• Goal of the exercise
The data must be returned in full, with no character altered.

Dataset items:
lemma H_path_two: "(x, y) \<in> A \<Longrightarrow> x \<noteq> y \<Longrightarrow> H_path A rho AH [x, y]"
  unfolding H_path_def using dpath_Cons[of "[y]" A x] dpath_singleton[of A y] by auto

lemma H_path_Cons_Cons:
  "H_path A rho AH (z # a # p) \<longleftrightarrow>
     z \<notin> set (a # p) \<and> (z, a) \<in> A \<and> H_path A rho AH (a # p) \<and>
     (p \<noteq> [] \<longrightarrow> (rho (z, a), rho (a, hd p)) \<in> AH)"
proof -
  have obstr_at_1: "obstr_open rho AH (z # a # p) 1 \<longleftrightarrow> (rho (z, a), rho (a, hd p)) \<notin> AH"
    if "p \<noteq> []"
    using that unfolding obstr_open_def by (simp add: hd_conv_nth)
  have "(\<forall>i. 1 \<le> i \<longrightarrow> i + 1 < length (z # a # p) \<longrightarrow> \<not> obstr_open rho AH (z # a # p) i) \<longleftrightarrow>
        (p \<noteq> [] \<longrightarrow> \<not> obstr_open rho AH (z # a # p) 1) \<and>
        (\<forall>i. 1 \<le> i \<longrightarrow> i + 1 < length (a # p) \<longrightarrow> \<not> obstr_open rho AH (a # p) i)"
    (is "?all \<longleftrightarrow> _")
  proof
    assume ?all
    then show "(p \<noteq> [] \<longrightarrow> \<not> obstr_open rho AH (z # a # p) 1) \<and>
        (\<forall>i. 1 \<le> i \<longrightarrow> i + 1 < length (a # p) \<longrightarrow> \<not> obstr_open rho AH (a # p) i)"
      using obstr_open_Cons[of _ rho AH z "a # p"] by (auto dest: spec[of _ "Suc _"])
  next
    assume rest: "(p \<noteq> [] \<longrightarrow> \<not> obstr_open rho AH (z # a # p) 1) \<and>
        (\<forall>i. 1 \<le> i \<longrightarrow> i + 1 < length (a # p) \<longrightarrow> \<not> obstr_open rho AH (a # p) i)"
    show ?all
    proof (intro allI impI)
      fix i assume i: "1 \<le> i" "i + 1 < length (z # a # p)"
      show "\<not> obstr_open rho AH (z # a # p) i"
      proof (cases "i = 1")
        case True then show ?thesis using rest i by auto
      next
        case False
        then obtain j where "i = Suc j" "1 \<le> j" using i by (cases i) auto
        then show ?thesis using rest i obstr_open_Cons by fastforce
      qed
    qed
  qed
  then show ?thesis
    unfolding H_path_def using dpath_Cons[of "a # p" A z] obstr_at_1 by auto
qed

lemma dcycle_3:
  "dcycle A [x, y, z] \<longleftrightarrow> distinct [x, y, z] \<and> (x, y) \<in> A \<and> (y, z) \<in> A \<and> (z, x) \<in> A"
  unfolding dcycle_def by (auto simp: less_Suc_eq)

lemma H_cycle_3_no_obstruction:
  "H_cycle A rho AH [x, y, z] \<Longrightarrow> (rho (x, y), rho (y, z)) \<in> AH"
  unfolding H_cycle_def obstr_closed_def by (auto dest: spec[of _ 1])

lemma H_path_Cons_triangle:
  assumes cyc: "\<And>c. dcycle A c \<Longrightarrow> length c = 3 \<Longrightarrow> H_cycle A rho AH c"
    and "H_path A rho AH (a # b # r)" "z \<notin> set (a # b # r)" "(z, a) \<in> A" "(b, z) \<in> A"
  shows "H_path A rho AH (z # a # b # r)"
proof -
  have "dcycle A [z, a, b]"
    using assms(2-5) by (simp add: dcycle_3 H_path_Cons_Cons)
  then have "(rho (z, a), rho (a, b)) \<in> AH"
    using cyc[of "[z, a, b]"] H_cycle_3_no_obstruction by simp
  then show ?thesis
    using assms(2-4) by (simp add: H_path_Cons_Cons)
qed

lemma H_length_H_path:
  assumes "H_path A rho AH p"
  shows "H_length rho AH p = 1"
proof -
  have "{i. 1 \<le> i \<and> i + 1 < length p \<and> obstr_open rho AH p i} = {}"
    using assms unfolding H_path_def by auto
  then show ?thesis
    unfolding H_length_def by (metis card.empty add_0)
qed

lemma H_reaches_mono: "H_reaches A rho AH W x y \<Longrightarrow> W \<subseteq> W' \<Longrightarrow> H_reaches A rho AH W' x y"
  unfolding H_reaches_def by blast

lemma H_reaches_refl: "x \<in> W \<Longrightarrow> H_reaches A rho AH W x x"
  unfolding H_reaches_def using H_path_singleton by (auto intro!: exI[of _ "[x]"])

lemma H_reaches_arc: "(x, y) \<in> A \<Longrightarrow> x \<noteq> y \<Longrightarrow> x \<in> W \<Longrightarrow> y \<in> W \<Longrightarrow> H_reaches A rho AH W x y"
  unfolding H_reaches_def using H_path_two by (auto intro!: exI[of _ "[x, y]"])

lemma H_reaches_or_arc_into:
  assumes sc: "semicomplete VD AD"
    and cyc: "\<And>c. dcycle AD c \<Longrightarrow> length c = 3 \<Longrightarrow> H_cycle AD rho AH c"
    and P: "H_path AD rho AH P" "set P \<subseteq> VD"
    and z: "z \<in> VD" "z \<notin> set P"
  shows "H_reaches AD rho AH (insert z (set P)) z (last P) \<or> (hd P, z) \<in> AD"
  using P z(2)
proof (induction P)
  case Nil then show ?case using H_path_not_Nil by blast
next
  case (Cons a P')
  have "a \<in> VD" "z \<noteq> a"
    using Cons.prems by auto
  then have za_or_az: "(z, a) \<in> AD \<or> (a, z) \<in> AD"
    using sc z(1) unfolding semicomplete_def by blast
  show ?case
  proof (cases "P' = []")
    case True
    have "H_reaches AD rho AH {z, a} z a" if "(z, a) \<in> AD"
      using that \<open>z \<noteq> a\<close> by (simp add: H_reaches_arc)
    then show ?thesis
      using za_or_az True by auto
  next
    case False
    then obtain b r where P'_eq: "P' = b # r"
      by (cases P') auto
    have P': "H_path AD rho AH P'"
      using Cons.prems(1) P'_eq by (simp add: H_path_Cons_Cons)
    have "H_reaches AD rho AH (insert z (set P')) z (last P') \<or> (b, z) \<in> AD"
      using Cons.IH[OF P'] Cons.prems P'_eq by simp
    then show ?thesis
    proof
      assume "H_reaches AD rho AH (insert z (set P')) z (last P')"
      then have "H_reaches AD rho AH (insert z (set (a # P'))) z (last P')"
        by (rule H_reaches_mono) auto
      then show ?thesis
        using P'_eq by simp
    next
      assume bz: "(b, z) \<in> AD"
      show ?thesis
        using za_or_az
      proof
        assume "(z, a) \<in> AD"
        then have "H_path AD rho AH (z # a # b # r)"
          using H_path_Cons_triangle[OF cyc] Cons.prems bz P'_eq by blast
        then show ?thesis
          unfolding H_reaches_def by (intro disjI1 exI[of _ "z # a # b # r"]) (auto simp: P'_eq)
      qed simp
    qed
  qed
qed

• Answer to this exercise
lemma H_path_two: "(x, y) \<in> A \<Longrightarrow> x \<noteq> y \<Longrightarrow> H_path A rho AH [x, y]"
  unfolding H_path_def using dpath_Cons[of "[y]" A x] dpath_singleton[of A y] by auto

lemma H_path_Cons_Cons:
  "H_path A rho AH (z # a # p) \<longleftrightarrow>
     z \<notin> set (a # p) \<and> (z, a) \<in> A \<and> H_path A rho AH (a # p) \<and>
     (p \<noteq> [] \<longrightarrow> (rho (z, a), rho (a, hd p)) \<in> AH)"
proof -
  have obstr_at_1: "obstr_open rho AH (z # a # p) 1 \<longleftrightarrow> (rho (z, a), rho (a, hd p)) \<notin> AH"
    if "p \<noteq> []"
    using that unfolding obstr_open_def by (simp add: hd_conv_nth)
  have "(\<forall>i. 1 \<le> i \<longrightarrow> i + 1 < length (z # a # p) \<longrightarrow> \<not> obstr_open rho AH (z # a # p) i) \<longleftrightarrow>
        (p \<noteq> [] \<longrightarrow> \<not> obstr_open rho AH (z # a # p) 1) \<and>
        (\<forall>i. 1 \<le> i \<longrightarrow> i + 1 < length (a # p) \<longrightarrow> \<not> obstr_open rho AH (a # p) i)"
    (is "?all \<longleftrightarrow> _")
  proof
    assume ?all
    then show "(p \<noteq> [] \<longrightarrow> \<not> obstr_open rho AH (z # a # p) 1) \<and>
        (\<forall>i. 1 \<le> i \<longrightarrow> i + 1 < length (a # p) \<longrightarrow> \<not> obstr_open rho AH (a # p) i)"
      using obstr_open_Cons[of _ rho AH z "a # p"] by (auto dest: spec[of _ "Suc _"])
  next
    assume rest: "(p \<noteq> [] \<longrightarrow> \<not> obstr_open rho AH (z # a # p) 1) \<and>
        (\<forall>i. 1 \<le> i \<longrightarrow> i + 1 < length (a # p) \<longrightarrow> \<not> obstr_open rho AH (a # p) i)"
    show ?all
    proof (intro allI impI)
      fix i assume i: "1 \<le> i" "i + 1 < length (z # a # p)"
      show "\<not> obstr_open rho AH (z # a # p) i"
      proof (cases "i = 1")
        case True then show ?thesis using rest i by auto
      next
        case False
        then obtain j where "i = Suc j" "1 \<le> j" using i by (cases i) auto
        then show ?thesis using rest i obstr_open_Cons by fastforce
      qed
    qed
  qed
  then show ?thesis
    unfolding H_path_def using dpath_Cons[of "a # p" A z] obstr_at_1 by auto
qed

lemma dcycle_3:
  "dcycle A [x, y, z] \<longleftrightarrow> distinct [x, y, z] \<and> (x, y) \<in> A \<and> (y, z) \<in> A \<and> (z, x) \<in> A"
  unfolding dcycle_def by (auto simp: less_Suc_eq)

lemma H_cycle_3_no_obstruction:
  "H_cycle A rho AH [x, y, z] \<Longrightarrow> (rho (x, y), rho (y, z)) \<in> AH"
  unfolding H_cycle_def obstr_closed_def by (auto dest: spec[of _ 1])

lemma H_path_Cons_triangle:
  assumes cyc: "\<And>c. dcycle A c \<Longrightarrow> length c = 3 \<Longrightarrow> H_cycle A rho AH c"
    and "H_path A rho AH (a # b # r)" "z \<notin> set (a # b # r)" "(z, a) \<in> A" "(b, z) \<in> A"
  shows "H_path A rho AH (z # a # b # r)"
proof -
  have "dcycle A [z, a, b]"
    using assms(2-5) by (simp add: dcycle_3 H_path_Cons_Cons)
  then have "(rho (z, a), rho (a, b)) \<in> AH"
    using cyc[of "[z, a, b]"] H_cycle_3_no_obstruction by simp
  then show ?thesis
    using assms(2-4) by (simp add: H_path_Cons_Cons)
qed

lemma H_length_H_path:
  assumes "H_path A rho AH p"
  shows "H_length rho AH p = 1"
proof -
  have "{i. 1 \<le> i \<and> i + 1 < length p \<and> obstr_open rho AH p i} = {}"
    using assms unfolding H_path_def by auto
  then show ?thesis
    unfolding H_length_def by (metis card.empty add_0)
qed

lemma H_reaches_mono: "H_reaches A rho AH W x y \<Longrightarrow> W \<subseteq> W' \<Longrightarrow> H_reaches A rho AH W' x y"
  unfolding H_reaches_def by blast

lemma H_reaches_refl: "x \<in> W \<Longrightarrow> H_reaches A rho AH W x x"
  unfolding H_reaches_def using H_path_singleton by (auto intro!: exI[of _ "[x]"])

lemma H_reaches_arc: "(x, y) \<in> A \<Longrightarrow> x \<noteq> y \<Longrightarrow> x \<in> W \<Longrightarrow> y \<in> W \<Longrightarrow> H_reaches A rho AH W x y"
  unfolding H_reaches_def using H_path_two by (auto intro!: exI[of _ "[x, y]"])

lemma H_reaches_or_arc_into:
  assumes sc: "semicomplete VD AD"
    and cyc: "\<And>c. dcycle AD c \<Longrightarrow> length c = 3 \<Longrightarrow> H_cycle AD rho AH c"
    and P: "H_path AD rho AH P" "set P \<subseteq> VD"
    and z: "z \<in> VD" "z \<notin> set P"
  shows "H_reaches AD rho AH (insert z (set P)) z (last P) \<or> (hd P, z) \<in> AD"
  using P z(2)
proof (induction P)
  case Nil then show ?case using H_path_not_Nil by blast
next
  case (Cons a P')
  have "a \<in> VD" "z \<noteq> a"
    using Cons.prems by auto
  then have za_or_az: "(z, a) \<in> AD \<or> (a, z) \<in> AD"
    using sc z(1) unfolding semicomplete_def by blast
  show ?case
  proof (cases "P' = []")
    case True
    have "H_reaches AD rho AH {z, a} z a" if "(z, a) \<in> AD"
      using that \<open>z \<noteq> a\<close> by (simp add: H_reaches_arc)
    then show ?thesis
      using za_or_az True by auto
  next
    case False
    then obtain b r where P'_eq: "P' = b # r"
      by (cases P') auto
    have P': "H_path AD rho AH P'"
      using Cons.prems(1) P'_eq by (simp add: H_path_Cons_Cons)
    have "H_reaches AD rho AH (insert z (set P')) z (last P') \<or> (b, z) \<in> AD"
      using Cons.IH[OF P'] Cons.prems P'_eq by simp
    then show ?thesis
    proof
      assume "H_reaches AD rho AH (insert z (set P')) z (last P')"
      then have "H_reaches AD rho AH (insert z (set (a # P'))) z (last P')"
        by (rule H_reaches_mono) auto
      then show ?thesis
        using P'_eq by simp
    next
      assume bz: "(b, z) \<in> AD"
      show ?thesis
        using za_or_az
      proof
        assume "(z, a) \<in> AD"
        then have "H_path AD rho AH (z # a # b # r)"
          using H_path_Cons_triangle[OF cyc] Cons.prems bz P'_eq by blast
        then show ?thesis
          unfolding H_reaches_def by (intro disjI1 exI[of _ "z # a # b # r"]) (auto simp: P'_eq)
      qed simp
    qed
  qed
qed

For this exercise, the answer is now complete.